Biventricular hypertrophy, biventricular and atrial dilatation, old and new infarction and macroscopic evidence of fibrosis were all more common in HFpEF patients (Table 2). Of HFpEF patients, 28 (23%) had no gross hypertrophy of either chamber, 35 (28%) had only LVH, 4 (3%) had only RVH, while 57 (46%) had both.

Microscopic pathology

Histologic LV cardiomyocyte hypertrophy, infarction and fibrosis were all more common in HFpEF patients (Table 2).

Coronary artery disease in control and HFpEF

Serial coronary artery sections showed more extensive CAD in HFpEF patients with a higher CAD total score and a greater frequency of vessels with ≥50% luminal diameter stenosis (Figure 1). Of the 119 HFpEF patients with serial coronary sections, 77 (65%) had at least one vessel with ≥50% stenosis. Of patients without a clinical diagnosis of coronary disease (n=41), 13 (32%) had at least one vessel with >50% stenosis while 64 (82%) of the 78 patients with a clinical diagnosis had at least one stenosis ≥50%. HFpEF patients with EF≥ 50% at diagnosis tended to have less severe CAD at autopsy (CAD total score 12 (7–14)) than HFpEF patients with EF 40–49% at HF diagnosis (12.5 (11–15), p=0.06). The percent of patients with at least one vessel with >50% stenosis was lower in HFpEF patients with EF≥50% (61%) than in those with EF 40–49% (81%, p=0.04). CAD sum score was significantly associated with age at death, sex (higher in men) and diabetes mellitus. Adjusting for these variables, CAD was more extensive in HFpEF than control (Table 3).
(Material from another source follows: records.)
lemma sum_pmf_Pair_eq_pmf_map_fst:
  assumes "finite B" "snd ` set_pmf T \<subseteq> B"
  shows "(\<Sum>x\<in>B. pmf T (t, x)) = pmf (map_pmf fst T) t"
proof -
  have "pmf (map_pmf fst T) t = measure T (fst -` {t} \<inter> set_pmf T)"
    by (simp add: pmf_map measure_Int_set_pmf)
  also have "fst -` {t} \<inter> set_pmf T = Pair t ` B \<inter> set_pmf T"
    using assms(2) by force
  also have "measure T \<dots> = sum (pmf T) (Pair t ` B)"
    using assms(1) by (simp add: measure_Int_set_pmf measure_measure_pmf_finite)
  also have "\<dots> = (\<Sum>x\<in>B. pmf T (t, x))"
    by (simp add: sum.reindex inj_on_def)
  finally show ?thesis ..
qed

lemma mi_map_prod_fst:
  fixes R :: "('a \<times> 'b) pmf" and g :: "'a \<Rightarrow> 'c"
  assumes "finite (set_pmf R)"
  shows "mi (map_pmf (map_prod g id) R) =
    (\<Sum>z\<in>set_pmf R. pmf R z * ln (pmf (map_pmf (map_prod g id) R) (g (fst z), snd z) /
       (pmf (map_pmf g (map_pmf fst R)) (g (fst z)) * pmf (map_pmf snd R) (snd z))))"
proof -
  have "map_pmf fst (map_pmf (map_prod g id) R) = map_pmf g (map_pmf fst R)"
    and "map_pmf snd (map_pmf (map_prod g id) R) = map_pmf snd R"
    by (simp_all add: pmf.map_comp o_def)
  then show ?thesis
    unfolding mi_def
    using sum_set_pmf_map_pmf[OF assms, of "\<lambda>w. ln (pmf (map_pmf (map_prod g id) R) w /
      (pmf (map_pmf fst (map_pmf (map_prod g id) R)) (fst w) *
       pmf (map_pmf snd (map_pmf (map_prod g id) R)) (snd w)))" "map_prod g id"]
    by (simp add: map_prod_def split_beta)
qed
The coronary microvasculature in control and HFpEF

In the study population as a whole, the median tissue area analyzed was 2.29 cm². MVD was normally distributed. MVD was diminished in HFpEF compared with controls, both overall (27% reduction in median MVD) and within each myocardial region (Table 2 and Figure 2). HFpEF patients had lower MVD than controls when HFpEF patients with an EF of 40–49% at diagnosis (n=27) were excluded (control 1316 (1148–1467) vessels/mm² vs HFpEF 1032 (802–1243) vessels/mm²; p<0.0001),

Coronary microvascular density (MVD) in HFpEF and control. The frequency distribution for total MVD (A) is shifted downward in HFpEF. Tukey box plots (box: median, 75^th, and 25^th percentiles; whiskers: highest value within 75^th percentile plus 1.5*IQR and lowest value within the 25^th percentile minus 1.5*IQR, symbols show outliers if present) of regional MVD (B) demonstrate similar reduction in MVD across the sub-epicardial (Epi), mid-myocardial (Midwall), sub-endocardial (Endo) and papillary muscle (Pap) in HFpEF. Representative examples of anti-CD 31 stained left ventricular sections with algorithm-defined capillaries (yellow), pre-capillary arterioles (orange) and larger intra-myocardial arteries (red) illustrate the lower MVD in HFpEF (C) as compared to control (D) subjects.

Findings were also similar when only density of capillaries was assessed (control 1044 (911–1188) vessels/mm² vs HFpEF 788 (616–941) vessels/mm²; p<0.0001).

Group explained 23% of the variability in MVD (Table 3). Adjusting for cohort group, MVD increased slightly with increasing age at death but sex was not significantly associated with MVD. Adjusting for group and age at death, neither history of diabetes nor systemic hypertension nor severity of coronary atherosclerosis at death (as assessed by the CAD total score) were associated with MVD (Table 3). Further, in both HFpEF patients and controls, those without or with a history of hypertension had similar MVD (Supplemental Figure 5A).

When analysis was restricted to patients with no epicardial coronary artery stenosis >50% (91 controls and 40 HFpEF), MVD was lower in HFpEF (1042 (823–1220) vessels/mm²) than controls (1300 (1141–1462) vessels/mm²; p < 0.0001) and MVD was similar in HFpEF patients with (940 (794–1180) vessels/mm²) or without (1042 (823–1220) vessels/mm²; p=0.30) any epicardial coronary artery stenosis >50%.

Adjusting for group and age at death, the severity of hypertrophy as assessed by Log % expected heart weight) was inversely associated with MVD (Table 3).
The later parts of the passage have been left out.